(* Let $n\ge0$. For every Motzkin path $\gamma$ of length $n$, in the poset $\mathcal{M}_n$ we have $|\Delta\gamma|=\omega_{HU}(\gamma)+\omega_{DH}(\gamma)+\omega_{DU}(\gamma)+\omega_{HH}(\gamma)$ and $|\nabla\gamma|=\omega_{UH}(\gamma)+\omega_{HD}(\gamma)+\omega_{UD}(\gamma)+\omega^*_{HH}(\gamma)$. For every Grand Motzkin path $\gamma$ of length $n$, in the poset $\mathcal{GM}_n$ we have $|\Delta\gamma|=\omega_{HU}(\gamma)+\omega_{DH}(\gamma)+\omega_{DU}(\gamma)+\omega_{HH}(\gamma)$ and $|\nabla\gamma|=\omega_{UH}(\gamma)+\omega_{HD}(\gamma)+\omega_{UD}(\gamma)+\omega_{HH}(\gamma)$.
   Context: Steps: $U=(1,1)$, $D=(1,-1)$, $H=(1,0)$. A Grand Motzkin path of length $n$ is a lattice path from $(0,0)$ to $(n,0)$ with steps $U,D,H$; a Motzkin path is a Grand Motzkin path never going below the $x$-axis. $\mathcal{M}_n$ (resp. $\mathcal{GM}_n$) is the set of Motzkin (resp. Grand Motzkin) paths of length $n$, partially ordered by $\gamma_1\le\gamma_2$ iff $\gamma_1$ lies weakly below $\gamma_2$. $\Delta x$ is the set of elements covering $x$, $\nabla x$ the set of elements covered by $x$. Paths are identified with words of steps; $\omega_\alpha(\gamma)$ is the number of occurrences of the word $\alpha$ as a factor (contiguous subword, overlapping occurrences counted separately) of $\gamma$; $\omega^*_{HH}(\gamma)$ is the number of occurrences of the factor $HH$ not lying on the $x$-axis. *)

theory Defs
  imports Main
begin

datatype step = U | D | H

type_synonym path = "step list"

definition stepval :: "step \<Rightarrow> int" where
  "stepval s = (case s of U \<Rightarrow> 1 | D \<Rightarrow> -1 | H \<Rightarrow> 0)"

definition height :: "path \<Rightarrow> nat \<Rightarrow> int" where
  "height p i = sum_list (map stepval (take i p))"

definition grand_motzkin :: "nat \<Rightarrow> path set" where
  "grand_motzkin n = {p. length p = n \<and> height p n = 0}"

definition motzkin :: "nat \<Rightarrow> path set" where
  "motzkin n = {p \<in> grand_motzkin n. \<forall>i\<le>n. height p i \<ge> 0}"

definition below :: "path \<Rightarrow> path \<Rightarrow> bool" where
  "below p q \<longleftrightarrow> length p = length q \<and> (\<forall>i\<le>length p. height p i \<le> height q i)"

definition covers_in :: "path set \<Rightarrow> path \<Rightarrow> path \<Rightarrow> bool" where
  "covers_in S x y \<longleftrightarrow> x \<in> S \<and> y \<in> S \<and> below x y \<and> x \<noteq> y \<and>
     \<not> (\<exists>z\<in>S. below x z \<and> below z y \<and> z \<noteq> x \<and> z \<noteq> y)"

definition up_covers :: "path set \<Rightarrow> path \<Rightarrow> path set" where
  "up_covers S x = {y. covers_in S x y}"

definition down_covers :: "path set \<Rightarrow> path \<Rightarrow> path set" where
  "down_covers S x = {y. covers_in S y x}"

★ ★ ★ ★ ★

* [Requirement] Your task is to repeat each of the records above exactly.

* [Task response]
(* Let $n\ge0$. For every Motzkin path $\gamma$ of length $n$, in the poset $\mathcal{M}_n$ we have $|\Delta\gamma|=\omega_{HU}(\gamma)+\omega_{DH}(\gamma)+\omega_{DU}(\gamma)+\omega_{HH}(\gamma)$ and $|\nabla\gamma|=\omega_{UH}(\gamma)+\omega_{HD}(\gamma)+\omega_{UD}(\gamma)+\omega^*_{HH}(\gamma)$. For every Grand Motzkin path $\gamma$ of length $n$, in the poset $\mathcal{GM}_n$ we have $|\Delta\gamma|=\omega_{HU}(\gamma)+\omega_{DH}(\gamma)+\omega_{DU}(\gamma)+\omega_{HH}(\gamma)$ and $|\nabla\gamma|=\omega_{UH}(\gamma)+\omega_{HD}(\gamma)+\omega_{UD}(\gamma)+\omega_{HH}(\gamma)$.
   Context: Steps: $U=(1,1)$, $D=(1,-1)$, $H=(1,0)$. A Grand Motzkin path of length $n$ is a lattice path from $(0,0)$ to $(n,0)$ with steps $U,D,H$; a Motzkin path is a Grand Motzkin path never going below the $x$-axis. $\mathcal{M}_n$ (resp. $\mathcal{GM}_n$) is the set of Motzkin (resp. Grand Motzkin) paths of length $n$, partially ordered by $\gamma_1\le\gamma_2$ iff $\gamma_1$ lies weakly below $\gamma_2$. $\Delta x$ is the set of elements covering $x$, $\nabla x$ the set of elements covered by $x$. Paths are identified with words of steps; $\omega_\alpha(\gamma)$ is the number of occurrences of the word $\alpha$ as a factor (contiguous subword, overlapping occurrences counted separately) of $\gamma$; $\omega^*_{HH}(\gamma)$ is the number of occurrences of the factor $HH$ not lying on the $x$-axis. *)

theory Defs
  imports Main
begin

datatype step = U | D | H

type_synonym path = "step list"

definition stepval :: "step \<Rightarrow> int" where
  "stepval s = (case s of U \<Rightarrow> 1 | D \<Rightarrow> -1 | H \<Rightarrow> 0)"

definition height :: "path \<Rightarrow> nat \<Rightarrow> int" where
  "height p i = sum_list (map stepval (take i p))"

definition grand_motzkin :: "nat \<Rightarrow> path set" where
  "grand_motzkin n = {p. length p = n \<and> height p n = 0}"

definition motzkin :: "nat \<Rightarrow> path set" where
  "motzkin n = {p \<in> grand_motzkin n. \<forall>i\<le>n. height p i \<ge> 0}"

definition below :: "path \<Rightarrow> path \<Rightarrow> bool" where
  "below p q \<longleftrightarrow> length p = length q \<and> (\<forall>i\<le>length p. height p i \<le> height q i)"

definition covers_in :: "path set \<Rightarrow> path \<Rightarrow> path \<Rightarrow> bool" where
  "covers_in S x y \<longleftrightarrow> x \<in> S \<and> y \<in> S \<and> below x y \<and> x \<noteq> y \<and>
     \<not> (\<exists>z\<in>S. below x z \<and> below z y \<and> z \<noteq> x \<and> z \<noteq> y)"

definition up_covers :: "path set \<Rightarrow> path \<Rightarrow> path set" where
  "up_covers S x = {y. covers_in S x y}"

definition down_covers :: "path set \<Rightarrow> path \<Rightarrow> path set" where
  "down_covers S x = {y. covers_in S y x}"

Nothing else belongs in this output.